Saturday, November 19, 2011

Linguine alle vongole

This is a longtime favorite of ours, and we use a Food & Wine magazine recipe from 1996. Dan made it this week, and it was a treat: Littleneck clams in a sauce of their own briny juices, white wine, garlic, lemon juice, olive oil, parsley and a judicious dash of red pepper flakes, commingling perfectly with long strands of linguine.The almost fully cooked pasta is tossed in with the sauce for the final few minutes to absorb all those flavors. It's an essential Italian pasta technique. I'm thankful I live near the sea, because the clams—vongole in Italian—absolutely, positively must be fresh! "No canned clams" is right up there with "no wire hangers!" Serve with a crusty piece of garlic bread and a nice Italian vino bianco and it's pazzesco buona (crazy good!) One thing we DON'T serve it with: cheese.

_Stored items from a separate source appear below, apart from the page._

lemma right_inverse_diagonal_nonzero:
  assumes sym: "\<forall>u v. E u v \<longrightarrow> E v u" and fin: "finite V" and "V \<noteq> {}"
    and inv: "\<And>v u. v \<in> V \<Longrightarrow> u \<in> V \<Longrightarrow> closed_adj_mult V E (w v) u = (if u = v then 1 else 0)"
  shows "\<exists>v\<in>V. w v v \<noteq> 0"
proof (rule ccontr)
  assume "\<not> ?thesis"
  then have diag: "w v v = 0" if "v \<in> V" for v
    using that by blast
  obtain u0 where u0: "u0 \<in> V"
    using \<open>V \<noteq> {}\<close> by blast
  \<comment> \<open>\<open>w v\<close> is the \<open>v\<close>-th column of \<open>W = N\<^sup>-\<^sup>1\<close>, \<open>z\<close> the \<open>u\<^sub>0\<close>-th column of \<open>N\<close>, \<open>s = W z\<close>\<close>
  define z where "z t = closed_adj E t u0" for t
  define s where "s t = (\<Sum>v\<in>V. z v * w v t)" for t
  define e where "e t = (if t = u0 then 1 else 0 :: bit)" for t
  have Ns: "closed_adj_mult V E s u = z u" if u: "u \<in> V" for u
  proof -
    have "closed_adj_mult V E s u = (\<Sum>v\<in>V. z v * closed_adj_mult V E (w v) u)"
      unfolding closed_adj_mult_def s_def sum_distrib_left
      by (subst sum.swap) (simp add: mult_ac)
    also have "\<dots> = (\<Sum>v\<in>V. if v = u then z v else 0)"
      using u by (intro sum.cong) (auto simp: inv)
    finally show ?thesis
      using fin u by simp
  qed
  have Ne: "closed_adj_mult V E e t = z t" for t
    using fin u0 by (simp add: closed_adj_mult_def e_def z_def if_distrib cong: if_cong)
  have "(\<Sum>t\<in>V. z t * s t) = (\<Sum>t\<in>V. s t * closed_adj_mult V E e t)"
    by (simp add: Ne mult.commute)
  also have "\<dots> = (\<Sum>t\<in>V. e t * closed_adj_mult V E s t)"
    by (rule closed_adj_mult_self_adjoint[OF sym])
  also have "\<dots> = (\<Sum>t\<in>V. if t = u0 then z t else 0)"
    by (intro sum.cong) (auto simp: e_def Ns)
  also have "\<dots> = z u0"
    using fin u0 by simp
  also have "\<dots> = 1"
    by (simp add: z_def closed_adj_def)
  finally have "(\<Sum>t\<in>V. z t * s t) = 1" .
  \<comment> \<open>but \<open>W\<close> is symmetric with zero diagonal, hence alternating over \<open>\<int>\<^sub>2\<close>\<close>
  have "(\<Sum>t\<in>V. z t * s t) = (\<Sum>t\<in>V. \<Sum>v\<in>V. z t * z v * w v t)"
    by (simp add: s_def sum_distrib_left mult.assoc)
  also have "\<dots> = (\<Sum>t\<in>V. z t * z t * w t t)"
    using right_inverse_symmetric[OF sym fin _ _ inv]
    by (intro sum_sum_symmetric_eq_diagonal[OF fin]) (simp add: mult_ac)
  also have "\<dots> = 0"
    by (simp add: diag)
  finally show False
    using \<open>(\<Sum>t\<in>V. z t * s t) = 1\<close> by simp
qed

Seafood and cheese is vietato (forbidden) in Italy—as my brother David found out when he ordered his seafood pizza at Lo Guarracino restaurant in Positano; that's his ’za on the right in the photo below. Looks like the wine pitcher needs refilling!

Back to the linguine and clams: For wine, we bought a 2009 Falanghina by Terredora DiPaolo at Henry's Market Wine Cellar in Beverly. This was was yummy from opening to finish. The wine comes from the Campania region of Italy, which includes Naples and the Amalfi Coast, and is an excellent alternative for white wine lovers who want to go beyond chardonnay or pinot grigio. During our trip in Italy we tried some Greco di Tufo, also a very nice white from Campania, but haven't been able to find it near our home ... yet. Meanwhile, this Falanghina will do!